Wien / Schlosstheater Schönbrunn / WIENER BLUT
Operette in drei Akten von Johann Strauss
Eine Koproduktion von Johann Strauss 2025 Wien und Aalto Musiktheater Essen
Aus Motiven von Johann Strauss‘ Walzer Wiener Blut (1873) und anderen Werken stellte Adolf Müller jun. 1899 kurz nach Strauss‘ Tod die Operette WIENER BLUT zusammen, Texte von Viktor Léon und Leo Stein.
Uraufführung: 25. Oktober 1899 in Wien im Theater an der Wien
Bericht über die Aufführung am 13. August 2025 (Premiere 10.03.2025, acht Folgetermine bis 31.08.2025)
BALDUIN GRAF ZEDLAU / David Kerber – FÜRST YPSHEIM-GINDELBACH / Alexander Strömer – FRANZISKA CAGLIARI / Anett Fritsch – GABRIELE GRÄFIN ZEDLAU / Nikola Hillebrand – Ensemble der Tänzerinnen und Tänzer
© Victoria Nazarova
Worum geht es?
Im Mittelpunkt der Handlung steht Graf Balduin Zedlau, Gesandter des deutschen Fürstentums Reuß-Schleiz-Greiz, der in Wien seine amourösen Abenteuer mit mehreren Frauen gleichzeitig auslebt. Seine langjährige Geliebte, die Tänzerin Franziska Cagliari, weiß um seine Pantscherln, Gspusis und Seitensprünge. Aktuell bemüht sich der Graf um die Probiermamsell Pepi. Seine Frau Gabriele kehrt anlässlich des Wiener Kongresses nach mehrjähriger Trennung nach Wien zurück. Es kommt zu turbulenten Verwechslungen und Eifersuchtsszenen, die ihren Höhepunkt bei einer „Remasuri“ in Hietzing erreichen, wo Graf Balduin sein letztes Rendezvous besingt, da er sich in die eigene Frau verliebt hat. Letztendlich finden sich die richtigen Paare und das „Wiener Blut“ wird als Ursache für alle Verwicklungen enttarnt: „Wiener Blut, / Wiener Blut, / Eig’ner Saft, / Voller Kraft, / Voller Glut, / Du erhebst, / Du belebst unser’n Mut! / Wiener Blut!“
Nicolaus Habjan führt Regie wie schon bei der konzertanten Aufführung von KARNEVAL IN ROM am 22. Februar 2025 im Theater an der Wien. Er nutzt wieder eine Klappmaulpuppe, um einige bissige Pointen in die Handlung einzubauen. Leider gelingt das bei der Figur des Grafen Bitowski nicht annähernd so originell wie bei der Figur des Professors Julius Bienenzeisel im Karneval von Rom.

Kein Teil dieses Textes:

(* Let $n$ be a positive integer, let $f,g\in\mathcal{A}_n$ and let $\phi\in\mathcal{H}[1,n]$ with $\phi(0)=1$ and $\phi(z)\neq 0$ in $\mathbb{D}$. Let $h$ be a convex function in $\mathbb{D}$ with $h(0)=1$, and let $\beta,\alpha,\sigma$ be complex numbers with $\beta\neq 0$ and $\operatorname{Re}(\beta h(z)+\alpha)>0$ in $\mathbb{D}$. Suppose $$\beta\frac{zf'(z)}{f(z)}+\sigma\frac{zg'(z)}{g(z)}\prec \beta h(z)+\sigma.$$ If $F$ is defined by $$F(z)=\left(\frac{\beta+\alpha}{z^{\alpha}\phi(z)}\int_0^zf^{\beta}(t)g^{\sigma}(t)t^{\alpha-\sigma-1}\,dt\right)^{1/\beta},$$ then $F\in\mathcal{A}_n$ and $$\frac{zF'(z)}{F(z)}+\frac{1}{\beta}\frac{z\phi'(z)}{\phi(z)}\prec h(z).$$
   Context: $\mathbb{D}$ is the open unit disk. $\mathcal{H}[1,n]$ is the class of functions analytic in $\mathbb{D}$ of the form $1+a_nz^n+\cdots$; $\mathcal{A}_n$ is the class of functions analytic in $\mathbb{D}$ of the form $z+a_{n+1}z^{n+1}+\cdots$. A convex function is a univalent analytic function mapping $\mathbb{D}$ onto a convex domain. $f\prec F$ means $f=F\circ\omega$ for some analytic $\omega:\mathbb{D}\to\mathbb{D}$ with $\omega(0)=0$. Complex powers are understood as the analytic branches normalized at the origin. *)

theory Defs
  imports "HOL-Complex_Analysis.Complex_Analysis"
begin

definition unit_disk :: "complex set" where
  "unit_disk = ball 0 1"

definition divz :: "(complex \<Rightarrow> complex) \<Rightarrow> complex \<Rightarrow> complex" where
  "divz f z = (if z = 0 then deriv f 0 else f z / z)"

text \<open>The class A_n: analytic in the disk, of the form z + a_{n+1} z^{n+1} + ...\<close>
definition class_A :: "nat \<Rightarrow> (complex \<Rightarrow> complex) \<Rightarrow> bool" where
  "class_A n f \<longleftrightarrow> f holomorphic_on unit_disk \<and> f 0 = 0 \<and> deriv f 0 = 1 \<and>
      (\<forall>k\<in>{2..n}. (deriv ^^ k) f 0 = 0)"
lemma log_hardy_axisymmetric:
  fixes \<phi> :: "real^3 \<Rightarrow> real" and a m :: real
  assumes diff: "\<And>y. \<phi> differentiable (at y)"
    and grad_cont: "\<And>i. continuous_on UNIV (\<lambda>y. frechet_derivative \<phi> (at y) (axis i 1))"
    and axi: "\<And>y z. rad y = rad z \<Longrightarrow> y$3 = z$3 \<Longrightarrow> \<phi> y = \<phi> z"
    and supp: "\<And>y. a \<le> rad y \<Longrightarrow> \<phi> y = 0"
    and a: "0 < a" "a < 1" and m: "0 < m"
  shows "(\<integral>\<^sup>+y. ennreal ((\<phi> y)^2 * (-ln (rad y)) powr (-(2+m)) / (rad y)^2) \<partial>lborel)
    \<le> ennreal (4 * (-ln a) powr (-m))
      * (\<integral>\<^sup>+y. ennreal ((norm (\<chi> i. frechet_derivative \<phi> (at y) (axis i 1)))^2) \<partial>lborel)"
proof -
  define c where "c = 4 * (-ln a) powr (-m)"
  have c: "0 < c" using a by (simp add: c_def)
  have "continuous_on UNIV \<phi>"
    using diff by (auto simp: differentiable_on_def intro: differentiable_imp_continuous_on)
  from borel_measurable_continuous_onI[OF continuous_on_profile[OF this]]
  have [measurable]: "(\<lambda>p. profile \<phi> (fst p) (snd p)) \<in> borel_measurable (borel \<Otimes>\<^sub>M borel)"
    by (simp add: borel_prod)
  have Dr_cont: "continuous_on UNIV (\<lambda>p. radial_derivative \<phi> (fst p) (snd p))"
    using continuous_on_radial_derivative grad_cont by blast
  from borel_measurable_continuous_onI[OF this]
  have [measurable]: "(\<lambda>p. radial_derivative \<phi> (fst p) (snd p)) \<in> borel_measurable (borel \<Otimes>\<^sub>M borel)"
    by (simp add: borel_prod)
  have "(\<integral>\<^sup>+y. ennreal ((\<phi> y)^2 * (-ln (rad y)) powr (-(2+m)) / (rad y)^2) \<partial>lborel)
      = (\<integral>\<^sup>+y. ennreal ((profile \<phi> (rad y) (y$3))^2 * (-ln (rad y)) powr (-(2+m)) / (rad y)^2)
          * indicator {0<..<a} (rad y) \<partial>lborel)"
    by (rule nn_integral_cong) (rule hardy_integrand_eq_profile[of \<phi>, OF axi supp])
  also have "\<dots> = (\<integral>\<^sup>+z. (\<integral>\<^sup>+\<rho>. ennreal (2*pi*\<rho>) * (ennreal ((profile \<phi> \<rho> z)^2
      * (-ln \<rho>) powr (-(2+m)) / \<rho>^2) * indicator {0<..<a} \<rho>) \<partial>lborel) \<partial>lborel)"
    by (rule nn_integral_cylindrical[of "\<lambda>\<rho> z. ennreal ((profile \<phi> \<rho> z)^2 * (-ln \<rho>) powr (-(2+m)) / \<rho>^2)
        * indicator {0<..<a} \<rho>"]) measurable
  also have "\<dots> \<le> (\<integral>\<^sup>+z. ennreal c
      * (\<integral>\<^sup>+\<rho>. ennreal (2*pi*\<rho>) * ennreal ((radial_derivative \<phi> \<rho> z)^2) \<partial>lborel) \<partial>lborel)"
  proof (intro nn_integral_mono, unfold c_def, rule log_hardy_polar[OF a m has_real_derivative_profile[OF diff]])
    fix z
    have "continuous_on UNIV (\<lambda>\<rho>. radial_derivative \<phi> \<rho> z)"
      using continuous_on_compose2[OF Dr_cont, of UNIV "\<lambda>\<rho>. (\<rho>, z)"] by (simp add: continuous_intros)
    then show "continuous_on {0..a} (\<lambda>\<rho>. radial_derivative \<phi> \<rho> z)"
      by (rule continuous_on_subset) auto
    show "profile \<phi> a z = 0"
      unfolding profile_def using a by (intro supp) (simp add: rad_vector_0)
  qed
  also have "\<dots> = ennreal c
      * (\<integral>\<^sup>+z. (\<integral>\<^sup>+\<rho>. ennreal (2*pi*\<rho>) * ennreal ((radial_derivative \<phi> \<rho> z)^2) \<partial>lborel) \<partial>lborel)"
    by (rule nn_integral_cmult_pos[OF c])
  also have "\<dots> = ennreal c * (\<integral>\<^sup>+y. ennreal ((radial_derivative \<phi> (rad y) (y$3))^2) \<partial>lborel)"
  proof -
    have "(\<lambda>p. ennreal ((radial_derivative \<phi> (fst p) (snd p))^2)) \<in> borel_measurable (borel \<Otimes>\<^sub>M borel)"
      by measurable
    from nn_integral_cylindrical[of "\<lambda>\<rho> z. ennreal ((radial_derivative \<phi> \<rho> z)^2)", OF this]
    show ?thesis
      by simp
  qed
  also have "\<dots> \<le> ennreal c
      * (\<integral>\<^sup>+y. ennreal ((norm (\<chi> i. frechet_derivative \<phi> (at y) (axis i 1)))^2) \<partial>lborel)"
    by (rule mult_left_mono[OF nn_integral_radial_derivative_le[OF diff axi] zero_le])
  finally show ?thesis
    unfolding c_def .
qed
theorem perfectly_safe_shifted_projection:
  fixes \<rho> :: "('c, 'a::{finite,field}) token list"
  assumes fin: "finite \<Omega>" and card_\<Omega>: "card \<Omega> = (\<Sum>Q\<le>m. \<tau> Q)"
    and run: "is_run \<Omega> m \<tau> d \<rho>" and c: "c \<in> \<Omega>" and P: "P \<le> m"
  shows "cond_prob \<Omega> m \<tau> d (\<lambda>H. c \<in> H P) \<rho> = real (\<tau> P) / real (\<Sum>Q\<le>m. \<tau> Q)"
proof -
  let ?M = "\<lambda>c. run_mass \<Omega> m \<tau> d (\<lambda>H. c \<in> H P) \<rho>"
  have "?M c' = ?M c" if "c' \<in> \<Omega>" for c'
    using run_mass_hand_le[OF fin run c that, of P] run_mass_hand_le[OF fin run that c, of P] by linarith
  then have "real (card \<Omega>) * ?M c = real (\<tau> P) * run_mass \<Omega> m \<tau> d (\<lambda>_. True) \<rho>"
    using sum_run_mass_hand[OF fin P, of \<tau> d \<rho>] by simp
  moreover have "real (card \<Omega>) > 0" using c fin by (auto simp: card_gt_0_iff)
  ultimately show ?thesis
    using run_mass_pos[OF fin run] card_\<Omega> by (simp add: cond_prob_eq[OF fin run] field_simps)
qed

section \<open>Informativity\<close>

lemma admissible_nonempty:
  assumes fin: "finite \<Omega>" and card_\<Omega>: "card \<Omega> = CARD('a) ^ (d + 1)" and X: "X \<subseteq> \<Omega>"
    and card_X: "card X = CARD('a) ^ (d + 1) - CARD('a) ^ d"
  shows "(admissible \<Omega> d X :: ('c \<Rightarrow> nat \<Rightarrow> 'a::{finite,field}) set) \<noteq> {}"
proof -
  \<comment> \<open>Send \<open>X\<close> onto the complement of the hyperplane \<open>x\<^sub>d\<^sub>+\<^sub>1 = 0\<close>, which is \<open>pts d\<close>.\<close>
  let ?V = "pts d :: (nat \<Rightarrow> 'a) set"
  let ?W = "pts (Suc d) - ?V"
  have sub: "?V \<subseteq> pts (Suc d)" by (auto simp: pts_def)
  have "card ?W = card X"
    using sub card_X by (simp add: card_Diff_subset finite_pts card_pts)
  then obtain h1 where h1: "bij_betw h1 X ?W"
    using finite_same_card_bij[OF finite_subset[OF X fin]] finite_pts by (metis finite_Diff)
  have "card (\<Omega> - X) = card ?V"
    using X fin card_\<Omega> card_X by (simp add: card_Diff_subset finite_subset card_pts power_increasing)
  then obtain h2 where h2: "bij_betw h2 (\<Omega> - X) ?V"
    using finite_same_card_bij[OF _ finite_pts] fin by blast
  define f where "f = restrict (\<lambda>x. if x \<in> X then h1 x else h2 x) \<Omega>"
  have "bij_betw f X ?W" using h1 X by (subst bij_betw_cong[of _ _ h1]) (auto simp: f_def)
  moreover have "bij_betw f (\<Omega> - X) ?V" using h2 by (subst bij_betw_cong[of _ _ h2]) (auto simp: f_def)
  ultimately have "bij_betw f (X \<union> (\<Omega> - X)) (?W \<union> ?V)" by (rule bij_betw_combine) auto
  moreover have "X \<union> (\<Omega> - X) = \<Omega>" "?W \<union> ?V = pts (Suc d)" using X sub by auto
  ultimately have fb: "bij_betw f \<Omega> (pts (Suc d))" by simp
  then have "\<forall>x\<in>\<Omega>. f x \<in> pts (Suc d)" by (auto simp: bij_betw_def)
  then have "f \<in> \<Omega> \<rightarrow>\<^sub>E pts (Suc d)" by (simp add: f_def PiE_iff)
  moreover have "pts (Suc d) - f ` X = hyperplane d (\<lambda>_. 0) 0"
    using \<open>bij_betw f X ?W\<close> sub by (auto simp: hyperplane_zero bij_betw_def)
  then have "transversal d (pts (Suc d) - f ` X)" unfolding transversal_def by (auto simp: pts_def)
  ultimately have "f \<in> admissible \<Omega> d X" using fb by (simp add: admissible_def)
  then show ?thesis by blast
qed

lemma max_exec_if_terminal:
  assumes "terminal \<Omega> m d H \<rho>" "\<rho> \<noteq> []"
  shows "max_exec \<Omega> m d H \<rho>"
proof -
  obtain L' where L: "max_exec \<Omega> m d H (\<rho> @ L')"
    using assms by (auto simp: terminal_def execution_iff_prefix)
  have "L' = []"
  proof (rule ccontr)
    assume "L' \<noteq> []"
    then have "max_exec \<Omega> m d H (\<rho> @ [hd L'] @ tl L')" using L by simp
    then have "hd L' \<in> Pi_prot \<Omega> m d H \<rho>" unfolding Pi_prot_def by blast
    then show False using assms(1) by (simp add: terminal_def)
  qed
  then show ?thesis using L by simp
qed

lemma max_exec_if_full_length:
  assumes "execution \<Omega> m d H \<rho>" "\<rho> \<noteq> []" "length \<rho> = Suc m"
  shows "max_exec \<Omega> m d H \<rho>"
proof -
  obtain L' where L: "max_exec \<Omega> m d H (\<rho> @ L')"
    using assms by (auto simp: execution_iff_prefix)
  then have "length (\<rho> @ L') = Suc m" by (metis max_exec_iff length_full_run)
  then show ?thesis using L assms(3) by simp
qed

Der Star der Aufführung ist das Schlosstheater Schönbrunn, ein ungemein stimmungsvoller Ort. Das Theater wurde zwischen 1744 und 1749 von Ferdinand Hetzendorf von Hohenberg im Auftrag von Maria Theresia erbaut und ist das älteste noch bespielte Theater Wiens. Zuletzt 2010 renoviert beeindruckt der barocke Raum in Gold und Rot. Die Zuschauer im Parterre und in den Ranglogen werden zu Akteuren, wenn sie gebeten werden, sich beim Einzug der Tänzerinnen und Tänzer zum Ball zu erheben.
Die Technik hat gelegentlich Schwächen. So werden die Übertitel in Deutsch und Englisch nicht durchgehend in beiden Sprachen eingeblendet.
Die drei Frauenfiguren rund um Graf Zedlau beeindrucken optisch und sängerisch. Es sind dies Nikola Hillebrand als Gräfin Zedlau, Anett Fritsch als Franziska Cagliari und Sophie Mitterhuber als Probiermamsell Pepi. David Kerber als Graf Zedlau berührt besonders im Sextett im Dritten Akt mit „Das ist mein letztes Rendezvous“. Der Publikumsliebling Boris Eder gibt den aktentragenden Sekretär und Kammerdiener mit viel Charme, Alexander Strömer einen herrlich trotteligen Parade-Piefke. Das Wiener Kammerorchester und der Wiener Kammerchor beeindrucken unter der Leitung von Hannah Eisendle, die am Schluss mit besonders viel Applaus gewürdigt wird.
Resümee: Gediegene Sommerunterhaltung mit gelegentlichen Längen in einem besonderen Rahmen
Nutzen Sie die Gelegenheit, beim Verlassen des Theaters einige Minuten das beleuchtete Schloss Schönbrunn und den menschenleeren Vorhof auf sich wirken zu lassen!